Состоящий из слоев фильтров, стекла и жидких кристаллов ЖК дисплей не требовал объемного кинескопа, что позволило производителям разрабатывать новые модели и удовлетворять растущие потребности рынка. Дисплеи с четким изображением и низким энергопотреблением стали реальностью – и начались эксперименты с конструкцией. 

Производители работали не только над внешним оформлением, но и над эргономическими возможностями дисплеев. Первым достижением в этом направлении стала опция изменения угла наклона, которая делает использование монитора значительно более удобным.
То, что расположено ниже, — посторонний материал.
(* Let $M$ be a $3$-connected matroid, let $\mathcal{T}$ be a tangle of $M$, and let $X,X'$ be long lines of the tangle matroid $M(\mathcal{T})$ such that $\rank_{\mathcal{T}}(X\cup X')=4$. Let $e\in X$ and $M'\in\{M\setminus e, M/e\}$ be such that $M'$ is $3$-connected, and let $\mathcal{T}'$ be the tangle of $M'$ inherited from $\mathcal{T}$. Then $X'$ is closed in the tangle matroid $M'(\mathcal{T}')$.
   Context: $\lambda_M(X) = \rank_M(X) + \rank_M(E(M)\setminus X) - \rank(M)$. A tangle of order $\theta$ of $M$ is a collection $\mathcal{T}$ of subsets of $E(M)$ such that: (i) $\lambda_M(X)<\theta$ for all $X\in\mathcal{T}$; (ii) for every $X\subseteq E(M)$ with $\lambda_M(X)<\theta$, either $X\in\mathcal{T}$ or $E(M)\setminus X\in\mathcal{T}$; (iii) if $X,Y,Z\in\mathcal{T}$ then $X\cup Y\cup Z\neq E(M)$; (iv) $E(M)\setminus\{e\}\notin\mathcal{T}$ for every $e\in E(M)$. The tangle matroid $M(\mathcal{T})$ has rank function $\rank_{\mathcal{T}}(X) = \min\{\lambda_M(Y): X\subseteq Y\in\mathcal{T}\}$ if some member of $\mathcal{T}$ contains $X$, and $\theta$ otherwise. A long line is a closed set of rank $2$ with at least $3$ elements. For a minor $N$ of $M$ with $S=E(M)\setminus E(N)$, the tangle of $N$ inherited from $\mathcal{T}$ is $\{X\setminus S: X\in\mathcal{T},\ \lambda_N(X\setminus S)<\theta-|S|\}$, a tangle of $N$ of order $\theta-|S|$. *)

theory Defs
  imports Main
begin

type_synonym 'a matroid = "'a set \<times> ('a set \<Rightarrow> nat)"

definition ground :: "'a matroid \<Rightarrow> 'a set" where
  "ground M = fst M"

definition rk :: "'a matroid \<Rightarrow> 'a set \<Rightarrow> nat" where
  "rk M = snd M"

definition matroid :: "'a matroid \<Rightarrow> bool" where
  "matroid M \<longleftrightarrow> finite (ground M)
     \<and> (\<forall>X. X \<subseteq> ground M \<longrightarrow> rk M X \<le> card X)
     \<and> (\<forall>X Y. X \<subseteq> Y \<and> Y \<subseteq> ground M \<longrightarrow> rk M X \<le> rk M Y)
     \<and> (\<forall>X Y. X \<subseteq> ground M \<and> Y \<subseteq> ground M \<longrightarrow>
          rk M (X \<union> Y) + rk M (X \<inter> Y) \<le> rk M X + rk M Y)"

definition deletion :: "'a matroid \<Rightarrow> 'a \<Rightarrow> 'a matroid" where
  "deletion M e = (ground M - {e}, rk M)"

definition contraction :: "'a matroid \<Rightarrow> 'a \<Rightarrow> 'a matroid" where
  "contraction M e = (ground M - {e}, \<lambda>X. rk M (X \<union> {e}) - rk M {e})"

definition conn :: "'a matroid \<Rightarrow> 'a set \<Rightarrow> nat" where
  "conn M X = rk M X + rk M (ground M - X) - rk M (ground M)"

definition k_separation :: "'a matroid \<Rightarrow> nat \<Rightarrow> 'a set \<Rightarrow> bool" where
  "k_separation M k X \<longleftrightarrow> X \<subseteq> ground M \<and> card X \<ge> k \<and> card (ground M - X) \<ge> k
     \<and> conn M X < k"

definition n_connected :: "'a matroid \<Rightarrow> nat \<Rightarrow> bool" where
  "n_connected M n \<longleftrightarrow> (\<forall>k X. 1 \<le> k \<and> k < n \<longrightarrow> \<not> k_separation M k X)"

definition tangle :: "'a matroid \<Rightarrow> nat \<Rightarrow> 'a set set \<Rightarrow> bool" where
  "tangle M \<theta> \<T> \<longleftrightarrow>
     (\<forall>X\<in>\<T>. X \<subseteq> ground M)
     \<and> (\<forall>X\<in>\<T>. conn M X < \<theta>)
     \<and> (\<forall>X. X \<subseteq> ground M \<and> conn M X < \<theta> \<longrightarrow> X \<in> \<T> \<or> ground M - X \<in> \<T>)
     \<and> (\<forall>X\<in>\<T>. \<forall>Y\<in>\<T>. \<forall>Z\<in>\<T>. X \<union> Y \<union> Z \<noteq> ground M)
     \<and> (\<forall>e\<in>ground M. ground M - {e} \<notin> \<T>)"

definition tangle_rank :: "'a matroid \<Rightarrow> nat \<Rightarrow> 'a set set \<Rightarrow> 'a set \<Rightarrow> nat" where
  "tangle_rank M \<theta> \<T> X =
     (if \<exists>Y\<in>\<T>. X \<subseteq> Y then Min {conn M Y | Y. Y \<in> \<T> \<and> X \<subseteq> Y} else \<theta>)"

definition tangle_matroid :: "'a matroid \<Rightarrow> nat \<Rightarrow> 'a set set \<Rightarrow> 'a matroid" where
  "tangle_matroid M \<theta> \<T> = (ground M, tangle_rank M \<theta> \<T>)"

definition inherited_tangle ::
    "'a matroid \<Rightarrow> 'a matroid \<Rightarrow> nat \<Rightarrow> 'a set set \<Rightarrow> 'a set set" where
  "inherited_tangle M N \<theta> \<T> =
     (let S = ground M - ground N in
      {X - S | X. X \<in> \<T> \<and> conn N (X - S) < \<theta> - card S})"

definition closed_set :: "'a matroid \<Rightarrow> 'a set \<Rightarrow> bool" where
  "closed_set M X \<longleftrightarrow> X \<subseteq> ground M \<and> (\<forall>e \<in> ground M - X. rk M (insert e X) \<noteq> rk M X)"

definition long_line :: "'a matroid \<Rightarrow> 'a set \<Rightarrow> bool" where
  "long_line M X \<longleftrightarrow> closed_set M X \<and> rk M X = 2 \<and> card X \<ge> 3"

end

theory Submission imports Defs begin

text \<open>
  Choose \<open>W, W' \<in> \<T>\<close> with \<open>\<lambda>(W) = \<lambda>(W') = 2\<close> containing \<open>X\<close> and \<open>X'\<close>. Two members of \<open>\<T>\<close> of
  connectivity at most 2 that meet have, by submodularity and 3-connectivity, a union in \<open>\<T>\<close> of
  connectivity at most 3; as \<open>r\<^sub>\<T>(X \<union> X') = 4\<close>, \<open>W\<close> and \<open>W'\<close> are disjoint, so \<open>e \<notin> X'\<close> and \<open>W' - e\<close>
  shows that \<open>X'\<close> still has rank at most 2 in \<open>M'(\<T>')\<close>. If \<open>X' + f\<close> had rank 2 as well, it would
  lie in some \<open>Z = Y - e\<close> with \<open>Y \<in> \<T>\<close> and \<open>\<lambda>\<^sub>M\<^sub>'(Z) \<le> 2\<close>. Then \<open>Z\<close> and \<open>Z + e\<close> lie in \<open>\<T>\<close>,
  \<open>\<lambda>\<^sub>M(Z) \<ge> r\<^sub>\<T>(X' + f) \<ge> 3\<close>, and \<open>Z\<close> avoids \<open>W\<close> by the same union argument applied to \<open>Z + e\<close> and \<open>W\<close>,
  which share at least two elements. Finally, since \<open>\<lambda>\<^sub>M\<^sub>'(W - e) \<ge> 2 = \<lambda>\<^sub>M(W)\<close> by 3-connectivity of \<open>M'\<close>,
  removing \<open>e\<close> does not lower the connectivity of any set avoiding \<open>W\<close>; so \<open>\<lambda>\<^sub>M(Z) \<le> \<lambda>\<^sub>M\<^sub>'(Z) \<le> 2\<close>.
\<close>

section \<open>Rank and connectivity\<close>

lemma matroidD:
  assumes "matroid M"
  shows "finite (ground M)"
    and "X \<subseteq> ground M \<Longrightarrow> rk M X \<le> card X"
    and "X \<subseteq> Y \<Longrightarrow> Y \<subseteq> ground M \<Longrightarrow> rk M X \<le> rk M Y"
    and "X \<subseteq> ground M \<Longrightarrow> Y \<subseteq> ground M \<Longrightarrow> rk M (X \<union> Y) + rk M (X \<inter> Y) \<le> rk M X + rk M Y"
  using assms unfolding matroid_def by blast+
Продолжительное время рентгеновское излучение от ЭЛТ дисплеев вызывало опасение, а распространение ЖК технологий решило вопрос заботы о здоровье в долгосрочной перспективе. 

_Победитель Red Dot Design Award: монитор AOC Angelo с сенсорной панелью управления и регулируемой в 3-х направлениях подставкой_ 
В середине 2000-ых дизайн мониторов изменился кардинально, и времена больших ЭЛТ моделей уже кажутся нам далеким прошлым. В 2008 году компания AOC, например, выпустила ЖК монитор Angelo формата 16:9 с сенсорной панелью управления и настраиваемой в трех направлениях подставкой. Дисплей Angelo был удостоен престижной премии Red Dot Design Award.
 


_Победители конкурса в области дизайна IF Product Design Award: AOC Razor cо складной подставкой (на фото расположен выше) и AOC 57 series с узкой рамкой и отсоединяющейся подставкой (на фото снизу)_
Этот период справедливо считают началом непрекращающейся гонки за лучший дизайн и инновации. 
 
_Изогнутый игровой монитор формата Ultra Wide AOC AG352QCX_*Настоящее: больше, тоньше, быстрее* 

Как изменился дизайн монитора? При существующем разнообразии моделей потребности и желания клиентов стали более определенными. Офисный работник, профессиональный геймер, графический дизайнер или домашний пользователь – для каждой группы потребителей сформирована ниша, в рамках которой производители разрабатывают дизайнерские решения и технологии. 

Современные мониторы должны быть визуально и функционально адаптированы к потребностям и образу жизни разных клиентов. Для графических дизайнеров важны качество изображения и эргономичные функции. Другие специалисты оценят внешний вид и функциональность устройства – характеристики, которые позволят не только эффективно работать, но и создать стильную рабочую среду. 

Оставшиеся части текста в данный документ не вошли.